Supplied data START

definition S134 :: "(complex \<times> complex \<times> real) set" where
  "S134 = {(X1, X2, A). Re (cnj X2 * exp (- \<i> * of_real A)) = 0}"

definition S234 :: "(complex \<times> complex \<times> real) set" where
  "S234 = {(X1, X2, A). Re (X1 * cnj X2 * exp (- \<i> * of_real A)) = 0}"

definition cartan_varieties :: "(complex \<times> complex \<times> real) set list" where
  "cartan_varieties = [S123, S124, S134, S234]"

definition num_cartan :: "complex \<times> complex \<times> real \<Rightarrow> nat" where
  "num_cartan x = length (filter (\<lambda>S. x \<in> S) cartan_varieties)"

end

theory Submission
  imports Defs
begin

text \<open>For null lifts the Gram determinant of three vectors collapses to
  \<open>2 Re \<langle>P,Q\<rangle>\<langle>Q,R\<rangle>\<langle>R,P\<rangle> = -|det(P,Q,R)|\<^sup>2\<close>.
  Hence a triple lies on a chain (the span of two distinct null vectors always has
  signature (1,1)) exactly when its lifts are linearly dependent, i.e. when its Hermitian
  triple product is purely imaginary.
  Each Cartan variety \<open>S\<^sub>i\<^sub>j\<^sub>k\<close> is cut out by an expression that is a positive real
  multiple of the triple product of \<open>p\<^sub>i, p\<^sub>j, p\<^sub>k\<close> (or of its conjugate), so it records
  precisely whether that triple lies on a chain. Two triples on chains share two points,
  which span the chain, so then all four points lie on it.\<close>

lemma cnj_herm: "cnj (herm P Q) = herm Q P"
  unfolding herm_def by simp

lemma herm_add_left: "herm (P + Q) R = herm P R + herm Q R"
  and herm_add_right: "herm R (P + Q) = herm R P + herm R Q"
  and herm_diff_left: "herm (P - Q) R = herm P R - herm Q R"
  and herm_diff_right: "herm R (P - Q) = herm R P - herm R Q"
  and herm_scale_left: "herm (c *s P) R = c * herm P R"
  and herm_scale_right: "herm R (c *s P) = cnj c * herm R P"
  unfolding herm_def by (simp_all add: algebra_simps)

lemmas herm_sesquilinear = herm_add_left herm_add_right herm_diff_left herm_diff_right
  herm_scale_left herm_scale_right

definition det3 :: "complex^3 \<Rightarrow> complex^3 \<Rightarrow> complex^3 \<Rightarrow> complex" where
  "det3 P Q R = P$1 * (Q$2 * R$3 - Q$3 * R$2) - P$2 * (Q$1 * R$3 - Q$3 * R$1)
                + P$3 * (Q$1 * R$2 - Q$2 * R$1)"

lemma det3_swap23: "det3 P R Q = - det3 P Q R"
  and det3_rotate: "det3 Q R P = det3 P Q R"
  and det3_repeat: "det3 P Q P = 0" "det3 P Q Q = 0"
  unfolding det3_def by (simp_all add: algebra_simps)

lemma det3_eq_0_perms:
  assumes "det3 P Q R = 0"
  shows "det3 P R Q = 0" "det3 Q P R = 0" "det3 Q R P = 0" "det3 R P Q = 0" "det3 R Q P = 0"
  using assms det3_swap23[of P Q R] det3_rotate[of P Q R] det3_rotate[of Q R P]
    det3_swap23[of Q R P] det3_swap23[of R P Q]
  by simp_all

lemma det3_lin_comb:
  "det3 (a1 *s U + b1 *s W) (a2 *s U + b2 *s W) (a3 *s U + b3 *s W) = 0"
  unfolding det3_def by (simp add: algebra_simps)

text \<open>The Gram determinant of \<open>P, Q, R\<close>; the matrix of the form has determinant \<open>-1\<close>.\<close>
lemma herm_gram_det3:
  "herm P P * herm Q Q * herm R R + herm P Q * herm Q R * herm R P + herm P R * herm Q P * herm R Q
   - herm P P * herm Q R * herm R Q - herm Q Q * herm P R * herm R P - herm R R * herm P Q * herm Q P
   = - (det3 P Q R * cnj (det3 P Q R))"
  unfolding herm_def det3_def
  by (simp only: complex_cnj_mult complex_cnj_add complex_cnj_diff) (simp add: algebra_simps)

definition herm_triple :: "complex^3 \<Rightarrow> complex^3 \<Rightarrow> complex^3 \<Rightarrow> complex" where
  "herm_triple P Q R = herm P Q * herm Q R * herm R P"

lemma Re_herm_triple_null:
  assumes "null_lift P" "null_lift Q" "null_lift R"
  shows "2 * Re (herm_triple P Q R) = - (cmod (det3 P Q R))\<^sup>2"
proof -
  have "herm_triple P Q R + cnj (herm_triple P Q R) = - (det3 P Q R * cnj (det3 P Q R))"
    using herm_gram_det3[of P Q R] assms
    by (simp add: herm_triple_def null_lift_def cnj_herm mult_ac)
  then have "Re (herm_triple P Q R + cnj (herm_triple P Q R)) = - (cmod (det3 P Q R))\<^sup>2"
    by (simp only: complex_norm_square[symmetric]) simp
  then show ?thesis by simp
qed

lemma Re_herm_triple_eq_0_iff:
  assumes "null_lift P" "null_lift Q" "null_lift R"
  shows "Re (herm_triple P Q R) = 0 \<longleftrightarrow> det3 P Q R = 0"
  using Re_herm_triple_null[OF assms] by auto

definition cross :: "complex^3 \<Rightarrow> complex^3 \<Rightarrow> complex^3" where
  "cross P Q = vector [P$2 * Q$3 - P$3 * Q$2, P$3 * Q$1 - P$1 * Q$3, P$1 * Q$2 - P$2 * Q$1]"

lemma det3_axis: "det3 P Q (axis k 1) = cross P Q $ k"
  using exhaust_3[of k] by (auto simp: det3_def cross_def axis_def algebra_simps)

lemma cross_expansion:
  "cross Q R $ k *s P + cross R P $ k *s Q + cross P Q $ k *s R = det3 P Q R *s axis k 1"
  using exhaust_3[of k]
  by (auto simp: vec_eq_iff forall_3 cross_def det3_def axis_def algebra_simps)

lemma cross_nonzero:
  assumes "P \<noteq> 0" "\<not> same_point P Q"
  shows "cross P Q \<noteq> 0"
proof
  assume "cross P Q = 0"
  then have minors: "P$2 * Q$3 = P$3 * Q$2" "P$3 * Q$1 = P$1 * Q$3" "P$1 * Q$2 = P$2 * Q$1"
    by (auto simp: cross_def vec_eq_iff forall_3)
  obtain i where "P$i \<noteq> 0"
    using assms(1) by (auto simp: vec_eq_iff)
  then have "Q = (Q$i / P$i) *s P"
    using minors exhaust_3[of i] by (auto simp: vec_eq_iff forall_3 field_simps)
  with assms(2) show False
    unfolding same_point_def by blast
qed

lemma in_span2_of_det3_eq_0:
  assumes "P \<noteq> 0" "\<not> same_point P Q" "det3 P Q R = 0"
  shows "in_span2 P Q R"
proof -
  obtain k where k: "cross P Q $ k \<noteq> 0"
    using cross_nonzero[OF assms(1,2)] by (auto simp: vec_eq_iff)
  have "cross P Q $ k *s R = - cross Q R $ k *s P - cross R P $ k *s Q"
    using cross_expansion[of Q R k P] assms(3) by (simp add: eq_neg_iff_add_eq_0 algebra_simps)
  then have "R = (- cross Q R $ k / cross P Q $ k) *s P + (- cross R P $ k / cross P Q $ k) *s Q"
    using k by (auto simp: vec_eq_iff field_simps)
  then show ?thesis
    unfolding in_span2_def by blast
qed

lemma herm_nonzero:
  assumes "null_lift P" "null_lift Q" "\<not> same_point P Q"
  shows "herm P Q \<noteq> 0"
proof
  assume "herm P Q = 0"
  then have "herm Q P = 0"
    using cnj_herm[of P Q] by simp
  with \<open>herm P Q = 0\<close> have "det3 P Q R = 0" for R
    using herm_gram_det3[of P Q R] assms(1,2) by (simp add: null_lift_def)
  then have "cross P Q = 0"
    by (simp add: vec_eq_iff flip: det3_axis)
  with cross_nonzero assms show False
    unfolding null_lift_def by blast
qed

text \<open>For distinct null \<open>P, Q\<close> with \<open>h = \<langle>P,Q\<rangle>\<close>, the vectors \<open>P \<plusminus> h Q\<close> are an orthogonal
  basis of their span of norms \<open>\<plusminus>2|h|\<^sup>2\<close>.\<close>
lemma on_chain_of_in_span2:
  assumes "null_lift P" "null_lift Q" "\<not> same_point P Q" "\<forall>Z\<in>set Zs. in_span2 P Q Z"
  shows "on_chain Zs"
proof -
  define h where "h = herm P Q"
  define U where "U = P + h *s Q"
  define W where "W = P - h *s Q"
  have "h \<noteq> 0"
    unfolding h_def using herm_nonzero assms by blast
  have herms: "herm P P = 0" "herm Q Q = 0" "herm P Q = h" "herm Q P = cnj h"
    using assms(1,2) cnj_herm[of P Q] by (auto simp: null_lift_def h_def)
  have norm_h: "h * cnj h = of_real ((cmod h)\<^sup>2)"
    by (simp flip: complex_norm_square)
  have "herm U U = 2 * (h * cnj h)" "herm W W = - 2 * (h * cnj h)" "herm U W = 0"
    unfolding U_def W_def by (simp_all add: herm_sesquilinear herms algebra_simps)
  then have "signature_11_basis U W"
    using \<open>h \<noteq> 0\<close> unfolding signature_11_basis_def norm_h by simp
  moreover have "in_span2 U W Z" if Z_in: "Z \<in> set Zs" for Z
  proof -
    obtain a b where Z: "Z = a *s P + b *s Q"
      using assms(4) Z_in unfolding in_span2_def by blast
    have "Z = (a/2 + b/(2*h)) *s U + (a/2 - b/(2*h)) *s W"
      unfolding Z U_def W_def using \<open>h \<noteq> 0\<close> by (auto simp: vec_eq_iff forall_3 field_simps)
    then show ?thesis
      unfolding in_span2_def by blast
  qed
  ultimately show ?thesis
    unfolding on_chain_def by blast
qed

lemma det3_eq_0_of_on_chain:
  assumes "on_chain Zs" "P \<in> set Zs" "Q \<in> set Zs" "R \<in> set Zs"
  shows "det3 P Q R = 0"
proof -
  obtain U W where "\<forall>Z\<in>set Zs. in_span2 U W Z"
    using assms(1) unfolding on_chain_def by blast
  then obtain a1 b1 a2 b2 a3 b3
    where "P = a1 *s U + b1 *s W" "Q = a2 *s U + b2 *s W" "R = a3 *s U + b3 *s W"
    using assms(2-4) unfolding in_span2_def by meson
  then show ?thesis
    using det3_lin_comb by simp
qed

Supplied data END

• [Problem description] Search the data above for the word "noteq" and say how many lines contain it, giving only that number.

• [Response to the exercise] 9